TaskScheduler:被称作low-level Task scheduler interface(低阶的Task调度接口),主要的实现类为TaskSchedulerImpl,主要负责在接受到DAGScheduler发送来的TaskSets后,将其提交给集群,并在执行期间出现问题时重新提交Tasks,最后将结果events返回给DAGScheduler。
SchedulerBackend:作为TaskScheduler的后台进程,负责与各种平台的cluster manager交互,并为Application申请相应的资源,SchedulerBanckend类有多种实现,例如Application如果提交给yarn平台进行资源的管理调度,则SchedulerBackend对应的实现类为YarnSchedulerBackend,如果是采用Deploy模式,则实现类为SparkDeploySchedulerBackend。

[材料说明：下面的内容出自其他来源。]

(* For every $n\ge 3$, $\rho_T(C_n)\le 3$, where $C_n$ is the cycle on $n$ vertices.
   Context: Graphs are finite and simple. For $u,v\in(\mathbb{R}\cup\{\infty\})^k$ the min-plus tropical dot product is $u\odot v=\min_i(u_i+v_i)$. A min-plus $k$-tropical dot product representation of $G=(V,E)$ is a map $f:V\to(\mathbb{R}\cup\{\infty\})^k$ with a threshold $t>0$ such that for all distinct $x,y\in V$: $xy\in E$ iff $f(x)\odot f(y)\ge t$. $\rho_T(G)$ is the least $k\ge 1$ for which such a representation exists. *)

theory Defs
  imports "HOL-Library.Extended_Real"
begin

text \<open>Vectors in (R \<union> {infinity})^k are modelled as functions nat => ereal whose
  coordinates i < k are never minus infinity (coordinates >= k are irrelevant).\<close>

definition trop_vec :: "nat \<Rightarrow> (nat \<Rightarrow> ereal) \<Rightarrow> bool" where
  "trop_vec k u \<longleftrightarrow> (\<forall>i<k. u i \<noteq> -\<infinity>)"

definition trop_dot :: "nat \<Rightarrow> (nat \<Rightarrow> ereal) \<Rightarrow> (nat \<Rightarrow> ereal) \<Rightarrow> ereal" where
  "trop_dot k u v = Min ((\<lambda>i. u i + v i) ` {..<k})"

definition trop_rep :: "'a set \<Rightarrow> ('a \<Rightarrow> 'a \<Rightarrow> bool) \<Rightarrow> nat \<Rightarrow> bool" where
  "trop_rep V E k \<longleftrightarrow> (\<exists>(f :: 'a \<Rightarrow> nat \<Rightarrow> ereal) (t :: real). t > 0 \<and>
     (\<forall>x\<in>V. trop_vec k (f x)) \<and>
     (\<forall>x\<in>V. \<forall>y\<in>V. x \<noteq> y \<longrightarrow> (E x y \<longleftrightarrow> trop_dot k (f x) (f y) \<ge> ereal t)))"

definition rho_T :: "'a set \<Rightarrow> ('a \<Rightarrow> 'a \<Rightarrow> bool) \<Rightarrow> nat" where
  "rho_T V E = (LEAST k. 1 \<le> k \<and> trop_rep V E k)"

definition cycle_edge :: "nat \<Rightarrow> nat \<Rightarrow> nat \<Rightarrow> bool" where
  "cycle_edge n i j \<longleftrightarrow> i < n \<and> j < n \<and> (j = (i + 1) mod n \<or> i = (j + 1) mod n)"

end

theory Submission
  imports Defs
begin

text \<open>Delete vertex 0 from the cycle to obtain the path 1, \<dots>, n - 1. On the first two coordinates
  put the alternating vectors (1 + i, 1 - i) for even i and (1 - i, 1 + i) for odd i: for i, j of the
  same parity one of the two sums is 2 - i - j < 1, and otherwise the minimum is 2 - |i - j|, so
  the threshold 1 is reached exactly for neighbours on the path. Vertex 0 gets (\<infinity>, \<infinity>, 0), and the
  third coordinate of a path vertex is 1 at the two ends of the path and 1/2 elsewhere, which makes
  0 adjacent to exactly the two ends without affecting the path vertices among themselves.\<close>

definition path_fst :: "nat \<Rightarrow> real" where
  "path_fst i = (if even i then 1 + real i else 1 - real i)"

definition path_snd :: "nat \<Rightarrow> real" where
  "path_snd i = (if even i then 1 - real i else 1 + real i)"

definition endpoint_weight :: "nat \<Rightarrow> nat \<Rightarrow> real" where
  "endpoint_weight n i = (if i = 1 \<or> i = n - 1 then 1 else 1/2)"

definition cycle_vec :: "nat \<Rightarrow> nat \<Rightarrow> nat \<Rightarrow> ereal" where
  "cycle_vec n i k =
     (if i = 0 then (if k = 2 then 0 else \<infinity>)
      else ereal (if k = 0 then path_fst i else if k = 1 then path_snd i else endpoint_weight n i))"

lemma trop_dot_3: "trop_dot 3 u v = min (u 0 + v 0) (min (u 1 + v 1) (u 2 + v 2))"
proof -
  have "{..<(3::nat)} = {0, 1, 2}" by auto
  then show ?thesis unfolding trop_dot_def by (simp add: min.assoc)
qed

lemma rho_T_le:
  assumes "1 \<le> k" "trop_rep V E k"
  shows "rho_T V E \<le> k"
  unfolding rho_T_def by (rule Least_le) (use assms in simp)

lemma cycle_edge_iff:
  assumes "x < n" "y < n"
  shows "cycle_edge n x y \<longleftrightarrow>
    y = x + 1 \<or> x = y + 1 \<or> (x = 0 \<and> y = n - 1) \<or> (y = 0 \<and> x = n - 1)"
proof -
  have "(z + 1) mod n = (if z = n - 1 then 0 else z + 1)" if "z < n" for z
    using that by (auto simp: mod_if)
  then show ?thesis using assms by (auto simp: cycle_edge_def)
qed

lemma path_coords_adjacent_iff:
  assumes "i \<noteq> j" "i + j \<ge> 3"
  shows "min (path_fst i + path_fst j) (path_snd i + path_snd j) \<ge> 1 \<longleftrightarrow> j = i + 1 \<or> i = j + 1"
proof (cases "even i = even j")
  case True
  then have "j \<noteq> i + 1 \<and> i \<noteq> j + 1" by auto
  moreover have "real i + real j \<ge> 3" using assms(2) by linarith
  ultimately show ?thesis using True by (auto simp: path_fst_def path_snd_def)
next
  case False
  then show ?thesis using assms(1) by (auto simp: path_fst_def path_snd_def min_def)
qed

lemma cycle_vec_dot_ge_iff:
  assumes "n \<ge> 3" "x < n" "y < n" "x \<noteq> y"
  shows "cycle_edge n x y \<longleftrightarrow> trop_dot 3 (cycle_vec n x) (cycle_vec n y) \<ge> ereal 1"
proof -
  consider "x = 0" | "y = 0" | "x \<noteq> 0" "y \<noteq> 0" by blast
  then show ?thesis
  proof cases
    case 1
    then have "trop_dot 3 (cycle_vec n x) (cycle_vec n y) = endpoint_weight n y"
      using assms by (simp add: trop_dot_3 cycle_vec_def)
    then show ?thesis using 1 assms by (auto simp: cycle_edge_iff endpoint_weight_def)
  next
    case 2
    then have "trop_dot 3 (cycle_vec n x) (cycle_vec n y) = endpoint_weight n x"
      using assms by (simp add: trop_dot_3 cycle_vec_def)
    then show ?thesis using 2 assms by (auto simp: cycle_edge_iff endpoint_weight_def)
  next
    case 3
    have "trop_dot 3 (cycle_vec n x) (cycle_vec n y) =
        min (min (path_fst x + path_fst y) (path_snd x + path_snd y))
            (endpoint_weight n x + endpoint_weight n y)"
      using 3 by (simp add: trop_dot_3 cycle_vec_def min.assoc)
    moreover have "endpoint_weight n x + endpoint_weight n y \<ge> 1"
      by (simp add: endpoint_weight_def)
    moreover have "cycle_edge n x y \<longleftrightarrow> y = x + 1 \<or> x = y + 1"
      using 3 assms by (auto simp: cycle_edge_iff)
    moreover have "x + y \<ge> 3" using 3 assms(4) by auto
    ultimately show ?thesis using path_coords_adjacent_iff[of x y] assms(4) by auto
  qed
qed

lemma cycle_trop_rep_3:
  assumes "n \<ge> 3"
  shows "trop_rep {0..<n} (cycle_edge n) 3"
  unfolding trop_rep_def
proof (intro exI[of _ "cycle_vec n"] exI[of _ 1] conjI ballI impI)
  show "trop_vec 3 (cycle_vec n x)" for x
    by (simp add: trop_vec_def cycle_vec_def)
qed (use assms cycle_vec_dot_ge_iff in auto)

theorem mainTheorem18:
  fixes n :: nat
  assumes "n \<ge> 3"
  shows "(\<exists>k. 1 \<le> k \<and> trop_rep {0..<n} (cycle_edge n) k) \<and> rho_T {0..<n} (cycle_edge n) \<le> 3"
proof -
  have "trop_rep {0..<n} (cycle_edge n) 3" using assms by (rule cycle_trop_rep_3)
  then show ?thesis using rho_T_le[of 3] by (auto intro!: exI[of _ 3])
qed

end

以下源码分析均是基于Deploy模式,其他模式在SchedulerBackend实现上略有不同,不过其调度原理和实现都是一样的。
三个重要类实例的初始化及其之间的关系
我们可以从SparkContext的初始化入手来分析以上三个重要类的初始化,当提交Application后,spark会首先初始化SparkContext实例并创建driver,来看一下SparkContext中实例化三个重要类的代码:
val (sched, ts) = SparkContext.createTaskScheduler(this, master)
_schedulerBackend = sched
_taskScheduler = ts
_dagScheduler = new DAGScheduler(this)
_heartbeatReceiver.ask[Boolean](TaskSchedulerIsSet)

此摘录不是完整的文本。